• **PROMPT**
For this exercise, write out exactly the lines of the material from the one containing "is_mpuiseux_Em by blast" through the end, both ends included, and nothing more.

• **ENTRIES SUPPLIED**
lemma frac_eigenvalue_kron_act:
  assumes A: "\<forall>i<N. \<forall>j<N. A i j \<in> puiseux" and a: "a \<in> Em m" and b: "b \<in> Em m"
    and eig: "frac_eigenvalue m N (tensor_matrix m A) a b"
  shows "\<exists>w. supported_idx m N w \<and> w \<noteq> (\<lambda>ii. 0) \<and>
    (\<lambda>ii. Abs_mpuiseux b * kron_act m N (\<lambda>l i k. puiseux_var l (A i k)) m w ii) = (\<lambda>ii. Abs_mpuiseux a * w ii)"
proof -
  obtain v where v_Em: "\<forall>js\<in>idx m N. v js \<in> Em m" and v_nz: "\<exists>js\<in>idx m N. v js \<noteq> (\<lambda>e. 0)"
    and v_eig: "\<forall>ii\<in>idx m N. mser_mult b (\<lambda>e. \<Sum>js\<in>idx m N. mser_mult (tensor_matrix m A ii js) (v js) e)
                          = mser_mult a (v ii)"
    using eig unfolding frac_eigenvalue_def by blast
  define w where "w ii = (if ii \<in> idx m N then Abs_mpuiseux (v ii) else 0)" for ii
  have Rep_w: "Rep_mpuiseux (w js) = v js" if "js \<in> idx m N" for js
  proof -
    have "is_mpuiseux (v js)" using that v_Em is_mpuiseux_Em by blast
    then show ?thesis using that by (simp add: w_def Rep_Abs_mpuiseux)
  qed
  have sup: "supported_idx m N w" unfolding supported_idx_def w_def by auto
  have "w \<noteq> (\<lambda>ii. 0)"
    using v_nz Rep_w zero_mpuiseux.rep_eq by (metis (mono_tags))
  moreover have "Abs_mpuiseux b * kron_act m N (\<lambda>l i k. puiseux_var l (A i k)) m w ii = Abs_mpuiseux a * w ii"
    for ii
  proof (cases "ii \<in> idx m N")
    case True
    have entry: "Rep_mpuiseux (\<Prod>l<m. puiseux_var l (A (ii ! l) (js ! l))) = tensor_matrix m A ii js"
      if "js \<in> idx m N" for js
      unfolding tensor_matrix_def using A True that
      by (intro tens_eq_prod_puiseux_var[symmetric]) (auto simp: idx_nth_less)
    have "Rep_mpuiseux (Abs_mpuiseux b * kron_act m N (\<lambda>l i k. puiseux_var l (A i k)) m w ii)
        = mser_mult b (\<lambda>e. \<Sum>js\<in>idx m N. mser_mult (tensor_matrix m A ii js) (v js) e)"
      using True b by (simp add: kron_act_full[OF sup] times_mpuiseux.rep_eq Rep_mpuiseux_sum
          Rep_Abs_mpuiseux is_mpuiseux_Em entry Rep_w)
    also have "\<dots> = Rep_mpuiseux (Abs_mpuiseux a * w ii)"
      using v_eig True a by (simp add: times_mpuiseux.rep_eq Rep_Abs_mpuiseux is_mpuiseux_Em Rep_w)
    finally show ?thesis by (simp add: Rep_mpuiseux_inject)
  next
    case False
    then show ?thesis using supported_kron_act[OF sup] by (simp add: supported_idx_def w_def)
  qed
  ultimately show ?thesis using sup by blast
qed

• **RESPONSE TO THIS TASK**
    have "is_mpuiseux (v js)" using that v_Em is_mpuiseux_Em by blast
    then show ?thesis using that by (simp add: w_def Rep_Abs_mpuiseux)
  qed
  have sup: "supported_idx m N w" unfolding supported_idx_def w_def by auto
  have "w \<noteq> (\<lambda>ii. 0)"
    using v_nz Rep_w zero_mpuiseux.rep_eq by (metis (mono_tags))
  moreover have "Abs_mpuiseux b * kron_act m N (\<lambda>l i k. puiseux_var l (A i k)) m w ii = Abs_mpuiseux a * w ii"
    for ii
  proof (cases "ii \<in> idx m N")
    case True
    have entry: "Rep_mpuiseux (\<Prod>l<m. puiseux_var l (A (ii ! l) (js ! l))) = tensor_matrix m A ii js"
      if "js \<in> idx m N" for js
      unfolding tensor_matrix_def using A True that
      by (intro tens_eq_prod_puiseux_var[symmetric]) (auto simp: idx_nth_less)
    have "Rep_mpuiseux (Abs_mpuiseux b * kron_act m N (\<lambda>l i k. puiseux_var l (A i k)) m w ii)
        = mser_mult b (\<lambda>e. \<Sum>js\<in>idx m N. mser_mult (tensor_matrix m A ii js) (v js) e)"
      using True b by (simp add: kron_act_full[OF sup] times_mpuiseux.rep_eq Rep_mpuiseux_sum
          Rep_Abs_mpuiseux is_mpuiseux_Em entry Rep_w)
    also have "\<dots> = Rep_mpuiseux (Abs_mpuiseux a * w ii)"
      using v_eig True a by (simp add: times_mpuiseux.rep_eq Rep_Abs_mpuiseux is_mpuiseux_Em Rep_w)
    finally show ?thesis by (simp add: Rep_mpuiseux_inject)
  next
    case False
    then show ?thesis using supported_kron_act[OF sup] by (simp add: supported_idx_def w_def)
  qed
  ultimately show ?thesis using sup by blast
qed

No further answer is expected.